"""

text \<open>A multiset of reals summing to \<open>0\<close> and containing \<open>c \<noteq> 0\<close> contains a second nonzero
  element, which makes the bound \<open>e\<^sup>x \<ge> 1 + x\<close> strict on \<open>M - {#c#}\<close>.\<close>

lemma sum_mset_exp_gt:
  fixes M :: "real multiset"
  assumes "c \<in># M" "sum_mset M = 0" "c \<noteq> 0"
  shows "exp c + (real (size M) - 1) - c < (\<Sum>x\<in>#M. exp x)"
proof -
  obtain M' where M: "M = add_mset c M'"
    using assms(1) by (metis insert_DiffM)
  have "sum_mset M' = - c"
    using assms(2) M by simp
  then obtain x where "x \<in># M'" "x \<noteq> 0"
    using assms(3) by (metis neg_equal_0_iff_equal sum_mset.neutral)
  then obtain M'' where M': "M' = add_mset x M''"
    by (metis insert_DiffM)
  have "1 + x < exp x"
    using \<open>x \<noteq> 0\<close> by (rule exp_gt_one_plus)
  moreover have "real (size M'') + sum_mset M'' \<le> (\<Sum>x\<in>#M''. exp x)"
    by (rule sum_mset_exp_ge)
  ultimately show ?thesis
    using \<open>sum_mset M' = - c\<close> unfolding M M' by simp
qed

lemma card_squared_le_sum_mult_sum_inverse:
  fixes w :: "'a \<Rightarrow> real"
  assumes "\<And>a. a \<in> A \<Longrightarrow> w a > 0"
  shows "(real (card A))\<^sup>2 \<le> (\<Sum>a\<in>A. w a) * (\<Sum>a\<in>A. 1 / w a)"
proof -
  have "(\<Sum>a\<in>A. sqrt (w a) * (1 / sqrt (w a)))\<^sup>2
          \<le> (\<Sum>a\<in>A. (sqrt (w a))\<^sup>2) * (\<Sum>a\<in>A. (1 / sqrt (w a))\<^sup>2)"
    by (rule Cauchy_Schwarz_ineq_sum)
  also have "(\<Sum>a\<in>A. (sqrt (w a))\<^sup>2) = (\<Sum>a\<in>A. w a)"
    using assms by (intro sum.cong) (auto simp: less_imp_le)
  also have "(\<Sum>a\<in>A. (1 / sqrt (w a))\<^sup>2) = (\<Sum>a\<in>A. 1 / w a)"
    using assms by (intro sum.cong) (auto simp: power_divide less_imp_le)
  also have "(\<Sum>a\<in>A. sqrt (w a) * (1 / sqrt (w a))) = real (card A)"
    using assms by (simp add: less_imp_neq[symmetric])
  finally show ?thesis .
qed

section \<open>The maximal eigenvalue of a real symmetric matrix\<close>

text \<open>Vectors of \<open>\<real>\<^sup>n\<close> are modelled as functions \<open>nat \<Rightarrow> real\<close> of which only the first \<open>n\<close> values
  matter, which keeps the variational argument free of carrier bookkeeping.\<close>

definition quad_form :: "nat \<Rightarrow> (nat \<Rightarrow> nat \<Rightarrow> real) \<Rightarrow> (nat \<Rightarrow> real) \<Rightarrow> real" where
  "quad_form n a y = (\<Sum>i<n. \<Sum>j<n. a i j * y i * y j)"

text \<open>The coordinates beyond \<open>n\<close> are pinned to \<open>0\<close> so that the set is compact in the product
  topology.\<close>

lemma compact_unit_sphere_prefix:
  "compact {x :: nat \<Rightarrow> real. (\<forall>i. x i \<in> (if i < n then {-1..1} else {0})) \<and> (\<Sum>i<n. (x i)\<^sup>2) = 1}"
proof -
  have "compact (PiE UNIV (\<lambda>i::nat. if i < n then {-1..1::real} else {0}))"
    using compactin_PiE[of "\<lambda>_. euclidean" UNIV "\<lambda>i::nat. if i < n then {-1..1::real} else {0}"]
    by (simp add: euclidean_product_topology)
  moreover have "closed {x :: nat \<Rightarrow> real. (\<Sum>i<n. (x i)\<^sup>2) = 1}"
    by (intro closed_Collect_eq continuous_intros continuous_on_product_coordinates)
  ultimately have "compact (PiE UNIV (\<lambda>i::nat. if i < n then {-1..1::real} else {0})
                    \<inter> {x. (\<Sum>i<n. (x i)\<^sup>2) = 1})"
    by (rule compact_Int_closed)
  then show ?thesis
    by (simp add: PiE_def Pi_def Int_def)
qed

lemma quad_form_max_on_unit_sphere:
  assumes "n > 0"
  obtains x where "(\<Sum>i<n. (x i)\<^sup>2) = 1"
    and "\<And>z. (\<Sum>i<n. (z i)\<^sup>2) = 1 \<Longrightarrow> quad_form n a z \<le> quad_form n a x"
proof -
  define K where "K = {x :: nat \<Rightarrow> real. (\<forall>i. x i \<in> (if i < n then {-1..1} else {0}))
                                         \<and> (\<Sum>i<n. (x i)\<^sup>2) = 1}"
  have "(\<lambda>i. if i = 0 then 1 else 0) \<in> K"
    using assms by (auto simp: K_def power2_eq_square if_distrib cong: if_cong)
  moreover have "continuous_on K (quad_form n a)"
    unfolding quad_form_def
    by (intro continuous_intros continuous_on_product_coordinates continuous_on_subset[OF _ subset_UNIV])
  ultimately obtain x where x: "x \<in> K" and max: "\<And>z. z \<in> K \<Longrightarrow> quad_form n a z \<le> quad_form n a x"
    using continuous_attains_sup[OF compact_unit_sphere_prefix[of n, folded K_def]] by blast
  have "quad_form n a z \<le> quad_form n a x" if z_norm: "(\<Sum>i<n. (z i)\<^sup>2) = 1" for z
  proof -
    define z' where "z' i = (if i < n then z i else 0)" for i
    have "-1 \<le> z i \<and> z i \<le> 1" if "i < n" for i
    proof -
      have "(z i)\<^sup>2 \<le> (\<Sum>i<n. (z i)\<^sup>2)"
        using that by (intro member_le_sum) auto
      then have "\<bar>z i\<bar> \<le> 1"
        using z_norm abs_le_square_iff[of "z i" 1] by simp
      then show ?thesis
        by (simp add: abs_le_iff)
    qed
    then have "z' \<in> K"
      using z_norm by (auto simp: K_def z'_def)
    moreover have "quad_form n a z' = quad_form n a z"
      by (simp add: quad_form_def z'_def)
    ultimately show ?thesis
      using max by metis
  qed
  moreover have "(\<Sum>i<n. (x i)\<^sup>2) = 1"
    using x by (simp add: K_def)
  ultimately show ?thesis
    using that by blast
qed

"""

All of the records above are to be copied exactly.

EXPECTED ANSWER »
text \<open>A multiset of reals summing to \<open>0\<close> and containing \<open>c \<noteq> 0\<close> contains a second nonzero
  element, which makes the bound \<open>e\<^sup>x \<ge> 1 + x\<close> strict on \<open>M - {#c#}\<close>.\<close>

lemma sum_mset_exp_gt:
  fixes M :: "real multiset"
  assumes "c \<in># M" "sum_mset M = 0" "c \<noteq> 0"
  shows "exp c + (real (size M) - 1) - c < (\<Sum>x\<in>#M. exp x)"
proof -
  obtain M' where M: "M = add_mset c M'"
    using assms(1) by (metis insert_DiffM)
  have "sum_mset M' = - c"
    using assms(2) M by simp
  then obtain x where "x \<in># M'" "x \<noteq> 0"
    using assms(3) by (metis neg_equal_0_iff_equal sum_mset.neutral)
  then obtain M'' where M': "M' = add_mset x M''"
    by (metis insert_DiffM)
  have "1 + x < exp x"
    using \<open>x \<noteq> 0\<close> by (rule exp_gt_one_plus)
  moreover have "real (size M'') + sum_mset M'' \<le> (\<Sum>x\<in>#M''. exp x)"
    by (rule sum_mset_exp_ge)
  ultimately show ?thesis
    using \<open>sum_mset M' = - c\<close> unfolding M M' by simp
qed

lemma card_squared_le_sum_mult_sum_inverse:
  fixes w :: "'a \<Rightarrow> real"
  assumes "\<And>a. a \<in> A \<Longrightarrow> w a > 0"
  shows "(real (card A))\<^sup>2 \<le> (\<Sum>a\<in>A. w a) * (\<Sum>a\<in>A. 1 / w a)"
proof -
  have "(\<Sum>a\<in>A. sqrt (w a) * (1 / sqrt (w a)))\<^sup>2
          \<le> (\<Sum>a\<in>A. (sqrt (w a))\<^sup>2) * (\<Sum>a\<in>A. (1 / sqrt (w a))\<^sup>2)"
    by (rule Cauchy_Schwarz_ineq_sum)
  also have "(\<Sum>a\<in>A. (sqrt (w a))\<^sup>2) = (\<Sum>a\<in>A. w a)"
    using assms by (intro sum.cong) (auto simp: less_imp_le)
  also have "(\<Sum>a\<in>A. (1 / sqrt (w a))\<^sup>2) = (\<Sum>a\<in>A. 1 / w a)"
    using assms by (intro sum.cong) (auto simp: power_divide less_imp_le)
  also have "(\<Sum>a\<in>A. sqrt (w a) * (1 / sqrt (w a))) = real (card A)"
    using assms by (simp add: less_imp_neq[symmetric])
  finally show ?thesis .
qed

section \<open>The maximal eigenvalue of a real symmetric matrix\<close>

text \<open>Vectors of \<open>\<real>\<^sup>n\<close> are modelled as functions \<open>nat \<Rightarrow> real\<close> of which only the first \<open>n\<close> values
  matter, which keeps the variational argument free of carrier bookkeeping.\<close>

definition quad_form :: "nat \<Rightarrow> (nat \<Rightarrow> nat \<Rightarrow> real) \<Rightarrow> (nat \<Rightarrow> real) \<Rightarrow> real" where
  "quad_form n a y = (\<Sum>i<n. \<Sum>j<n. a i j * y i * y j)"

text \<open>The coordinates beyond \<open>n\<close> are pinned to \<open>0\<close> so that the set is compact in the product
  topology.\<close>

lemma compact_unit_sphere_prefix:
  "compact {x :: nat \<Rightarrow> real. (\<forall>i. x i \<in> (if i < n then {-1..1} else {0})) \<and> (\<Sum>i<n. (x i)\<^sup>2) = 1}"
proof -
  have "compact (PiE UNIV (\<lambda>i::nat. if i < n then {-1..1::real} else {0}))"
    using compactin_PiE[of "\<lambda>_. euclidean" UNIV "\<lambda>i::nat. if i < n then {-1..1::real} else {0}"]
    by (simp add: euclidean_product_topology)
  moreover have "closed {x :: nat \<Rightarrow> real. (\<Sum>i<n. (x i)\<^sup>2) = 1}"
    by (intro closed_Collect_eq continuous_intros continuous_on_product_coordinates)
  ultimately have "compact (PiE UNIV (\<lambda>i::nat. if i < n then {-1..1::real} else {0})
                    \<inter> {x. (\<Sum>i<n. (x i)\<^sup>2) = 1})"
    by (rule compact_Int_closed)
  then show ?thesis
    by (simp add: PiE_def Pi_def Int_def)
qed

lemma quad_form_max_on_unit_sphere:
  assumes "n > 0"
  obtains x where "(\<Sum>i<n. (x i)\<^sup>2) = 1"
    and "\<And>z. (\<Sum>i<n. (z i)\<^sup>2) = 1 \<Longrightarrow> quad_form n a z \<le> quad_form n a x"
proof -
  define K where "K = {x :: nat \<Rightarrow> real. (\<forall>i. x i \<in> (if i < n then {-1..1} else {0}))
                                         \<and> (\<Sum>i<n. (x i)\<^sup>2) = 1}"
  have "(\<lambda>i. if i = 0 then 1 else 0) \<in> K"
    using assms by (auto simp: K_def power2_eq_square if_distrib cong: if_cong)
  moreover have "continuous_on K (quad_form n a)"
    unfolding quad_form_def
    by (intro continuous_intros continuous_on_product_coordinates continuous_on_subset[OF _ subset_UNIV])
  ultimately obtain x where x: "x \<in> K" and max: "\<And>z. z \<in> K \<Longrightarrow> quad_form n a z \<le> quad_form n a x"
    using continuous_attains_sup[OF compact_unit_sphere_prefix[of n, folded K_def]] by blast
  have "quad_form n a z \<le> quad_form n a x" if z_norm: "(\<Sum>i<n. (z i)\<^sup>2) = 1" for z
  proof -
    define z' where "z' i = (if i < n then z i else 0)" for i
    have "-1 \<le> z i \<and> z i \<le> 1" if "i < n" for i
    proof -
      have "(z i)\<^sup>2 \<le> (\<Sum>i<n. (z i)\<^sup>2)"
        using that by (intro member_le_sum) auto
      then have "\<bar>z i\<bar> \<le> 1"
        using z_norm abs_le_square_iff[of "z i" 1] by simp
      then show ?thesis
        by (simp add: abs_le_iff)
    qed
    then have "z' \<in> K"
      using z_norm by (auto simp: K_def z'_def)
    moreover have "quad_form n a z' = quad_form n a z"
      by (simp add: quad_form_def z'_def)
    ultimately show ?thesis
      using max by metis
  qed
  moreover have "(\<Sum>i<n. (x i)\<^sup>2) = 1"
    using x by (simp add: K_def)
  ultimately show ?thesis
    using that by blast
qed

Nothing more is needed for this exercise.